To date, no full kinetic analysis of [18 F]FDG data based on arterial sampling and a dynamic HRRT scanning protocol in humans has been reported. In the present study, average CMRglu values of 0.33 and 0.11 μmol/cm3 per minute were obtained for manually drawn gray and white matter regions, respectively. Automatically delineated regions yielded values of 0.29 and 0.19 μmol/cm3 per minute for gray matter and white matter, respectively, averaged over nine patients with a CoV of less than 15%. However, especially the white matter estimate based on the latter method was contaminated with some gray matter spill in.
Previously, Heiss and co-workers have acquired CMRglu data on an HRRT scanner . Using fixed rate constants from the literature, they found similar gray and white matter CMRglu values with a GM/WM ratio of 2.7, which is only slightly lower than the present ratio for manually drawn regions. Therefore, it seems that a static scanning protocol, together with fixed rate constants, is a valid approximation of full kinetic modeling in the case of healthy volunteers. Nevertheless, it should be noted that the assumption of fixed rate constants may not be valid in certain clinically relevant patient populations, such as those having diabetes , characterized by a.o. hyperglycemia and hyperinsulinemia which both affect the blood vessel wall and the permeability surface area product , and decreased glucose metabolism . Furthermore, normal fixed rate constants are not automatically applicable to flow-limited states .
The good correlation between Patlak and NLR results (slope 0.96, r2 0.98) implies that this linearization is a valid approach, as shown previously . The underestimation of 4% is likely due to the blood volume (5%) that is taken into account in the NLR analysis, but not in the Patlak linearization. Parametric K
i images without smoothing showed good correlation with regional K
i values (r2 of 0.99) with a slope of 1.04, probably induced by differences in noise and tissue heterogeneity present in regional- versus voxel-based TACs. Smoothing the dynamic 18 F]FDG images resulted in a lower slope and poorer correlation, and this is therefore not recommended.
Average CBF values of 0.43 and 0.13 mL/cm3 per minute were obtained for manually drawn gray and white matter regions, respectively. These values are in line with the recent data acquired on an HRRT by Walker and co-workers , who found values of 0.44 and 0.15 mL/cm3 per minute (Table 3). The good correlation between BFM and NLR results implies that this linearization is a valid approach.
We found an FDG extraction fraction of 18%, which is in line with earlier reported values of approximately 20% , determined using the double-indicator method . To our knowledge, this has not been derived from a combined CBF and CMRglu (K
1) measurement before.
The use of a noninvasive input function, derived from the carotid arteries, allowed for quantitatively correct estimates of regional CMRglu when Patlak linearization was used. In the case of NLR, however, the more stringent requirements placed on the input function (i.e., in addition to the area under the curve, the detailed shape of the peak is needed) resulted in good CMRglu estimates for only seven out of nine subjects and incorrect (with an average slope of 0.76) estimates in the other two.

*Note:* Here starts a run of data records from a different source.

(* Let $H$ be a valid history. Then $H$ is locally opaque if and only if for every sub-history $sh \in \mathrm{shSet}(H)$ there exists a version order $\ll_{sh}$ such that the opacity graph $\mathrm{OPG}(sh, \ll_{sh})$ is acyclic.
   Context: Setting: transactions access transactional objects (t-objects) via operations read $r_k(x,v)$ (or $r_k(x,\mathcal{A})$ if it aborts), write $w_k(x,v)$, commit $c_k$ and abort $a_k$. A (sequential) history $H$ is a sequence of such events, each operation treated atomically; it is well-formed and contains an initial committed transaction $T_0$ writing $0$ to every t-object; written values are assumed unique. $\mathrm{txns}(H)$, $\mathrm{committed}(H)$, $\mathrm{aborted}(H)$, $\mathrm{live}(H)$ denote the transactions, committed, aborted and live (incomplete) ones. The completion $\overline{H}$ is obtained by appending an abort immediately after the last event of every live transaction. Real-time order: $T_k \prec^{RT}_H T_m$ if $T_k$ is complete and its last event precedes the first event of $T_m$. A sub-history of $H$ is formed by a subset of its transactions together with all their events, in the order of $H$. A successful read $r_k(x,v)$ is valid if some $T_j$ with $w_j(x,v)$ committed before it; $H$ is valid if all its successful reads are. A successful read $r_k(x,v)$ is legal if the transaction owning the latest commit event preceding it among transactions writing $x$ wrote $v$ to $x$; $H$ is legal if all successful reads are legal. $H$ is t-sequential if its transactions do not overlap. $H$ is opaque if it is valid and there is a legal t-sequential history $S$ with the same events as $\overline{H}$ such that $\prec^{RT}_H \subseteq \prec^{RT}_S$. $\mathrm{shSet}(H)$: (1) for each aborted transaction $T_i$, the sub-history consisting of all operations of the transactions committed before (the relevant event of) $T_i$ together with all successful operations of $T_i$, with a commit of $T_i$ placed immediately after its last successful operation; (2) for the last committed transaction $T_l$, the sub-history of all committed transactions up to and including $T_l$. $H$ is locally opaque if every sub-history in $\mathrm{shSet}(H)$ is opaque. Version order: for a history $H$ and t-object $x$, any total order on the versions of $x$ created by committed transactions of $H$ ($T_i$ writing $x$ creates version $x_i$); $\ll$ is the union over all t-objects. Opacity graph $\mathrm{OPG}(H,\ll)$: one vertex per transaction of $\overline{H}$; edges: (real-time) $T_i \to T_j$ if $T_i$ commits before $T_j$ starts; (reads-from) $T_i\to T_j$ if $T_j$ reads $x$ from $T_i$; (multiversion) whenever $r_k(x,v)$ reads from $w_j(x,v)$ and a committed $T_i$ writes $x$ with a different value, add $T_i\to T_j$ if $x_i \ll x_j$ and $T_k \to T_i$ if $x_j \ll x_i$. *)

theory Defs
  imports Main
begin

text \<open>Transactions are identified by natural numbers, T_0 being the initial transaction.
  A read returning a value v is  Read k x (Some v); an aborted read r_k(x,A) is Read k x None.\<close>

datatype ('o, 'v) event =
    Read nat 'o "'v option"
  | Write nat 'o 'v
  | Commit nat
  | Abort nat

fun tid :: "('o, 'v) event \<Rightarrow> nat" where
  "tid (Read k _ _) = k"
| "tid (Write k _ _) = k"
| "tid (Commit k) = k"
| "tid (Abort k) = k"

type_synonym ('o, 'v) history = "('o, 'v) event list"

fun terminal :: "('o, 'v) event \<Rightarrow> bool" where
  "terminal (Commit _) = True"
| "terminal (Abort _) = True"
| "terminal (Read _ _ None) = True"
| "terminal _ = False"

fun aborting :: "('o, 'v) event \<Rightarrow> bool" where
  "aborting (Abort _) = True"
| "aborting (Read _ _ None) = True"
| "aborting _ = False"

fun successful_op :: "('o, 'v) event \<Rightarrow> bool" where
  "successful_op (Write _ _ _) = True"
| "successful_op (Read _ _ (Some _)) = True"
| "successful_op _ = False"

definition txns :: "('o, 'v) history \<Rightarrow> nat set" where
  "txns H = tid ` set H"

definition committed :: "('o, 'v) history \<Rightarrow> nat set" where
  "committed H = {k. Commit k \<in> set H}"

definition aborted :: "('o, 'v) history \<Rightarrow> nat set" where
  "aborted H = {k. \<exists>e\<in>set H. aborting e \<and> tid e = k}"

definition live :: "('o, 'v) history \<Rightarrow> nat set" where
  "live H = txns H - committed H - aborted H"

definition complete_txns :: "('o, 'v) history \<Rightarrow> nat set" where
  "complete_txns H = committed H \<union> aborted H"

definition well_formed :: "('o, 'v) history \<Rightarrow> bool" where
  "well_formed H \<longleftrightarrow>
     (\<forall>i<length H. \<forall>j<length H. i < j \<longrightarrow> terminal (H ! i) \<longrightarrow> tid (H ! j) \<noteq> tid (H ! i))"

text \<open>The history starts with the initial committed transaction T_0 that writes 0 to every
  t-object (t-objects are the elements of the finite type 'o); T_0 has no other events.\<close>
definition has_init :: "('o::finite, 'v::zero) history \<Rightarrow> bool" where
  "has_init H \<longleftrightarrow> (\<exists>p rest. H = p @ [Commit 0] @ rest \<and> distinct p \<and>
      set p = {Write 0 x 0 | x. True} \<and> (\<forall>e\<in>set rest. tid e \<noteq> 0))"

definition unique_writes :: "('o, 'v) history \<Rightarrow> bool" where
  "unique_writes H \<longleftrightarrow> (\<forall>i<length H. \<forall>j<length H. \<forall>k k' x v.
      H ! i = Write k x v \<longrightarrow> H ! j = Write k' x v \<longrightarrow> i = j)"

Nevertheless, clinical dynamic [18 F]FDG studies without the need for an arterial line can be performed (on a voxel-by-voxel basis) by analyzing data using the Patlak linearization.
Unfortunately, the IDIF approach was not applicable to the analysis of CBF scans. Scaling to the manual samples yielded a similar factor as for CMRglu scans, but an underestimation of the peak was observed (by a factor of 3). Although 15O has a higher positron energy (leading to an effective spatial resolution of 3.4 in the case of 15O, if it were 3.0 for 18 F), this is not likely to be the main reason for the underestimation of the peak. Possible explanations will probably include the implementation of scatter correction as well as the performance of the reconstruction algorithm for highly localized activity distributions, as prevailing in the blood just after the [15O]H2O bolus. Therefore, optimization of the frame definition and the use of a point spread function reconstruction may lead to a better match between BSIF and IDIF.
It is of importance to note that, although the images used were smoothed 6 mm at FWHM, the IDIF applicability cannot be automatically used for data generated at other PET scanners. This still needs a validation for every single tracer, every single scanner, and each acquisition and data analysis protocol separately. The success of the use of an IDIF depends on the intrinsic spatial resolution of the scanner, which is often lower than that of the scanner used in our study, and on the iterative reconstruction algorithm used (e.g., whether or not priors are included and whether the partial volume effect is implemented in the reconstruction algorithm), determining the signal-to-noise ratio as well as the minimum frame duration that can be applied. Furthermore, the duration of tracer injection needs to be optimized since the number of frames that can be acquired during the bolus should not be too low. The exact effect of these different options cannot be predicted and needs to be tested in the way as was described in this paper.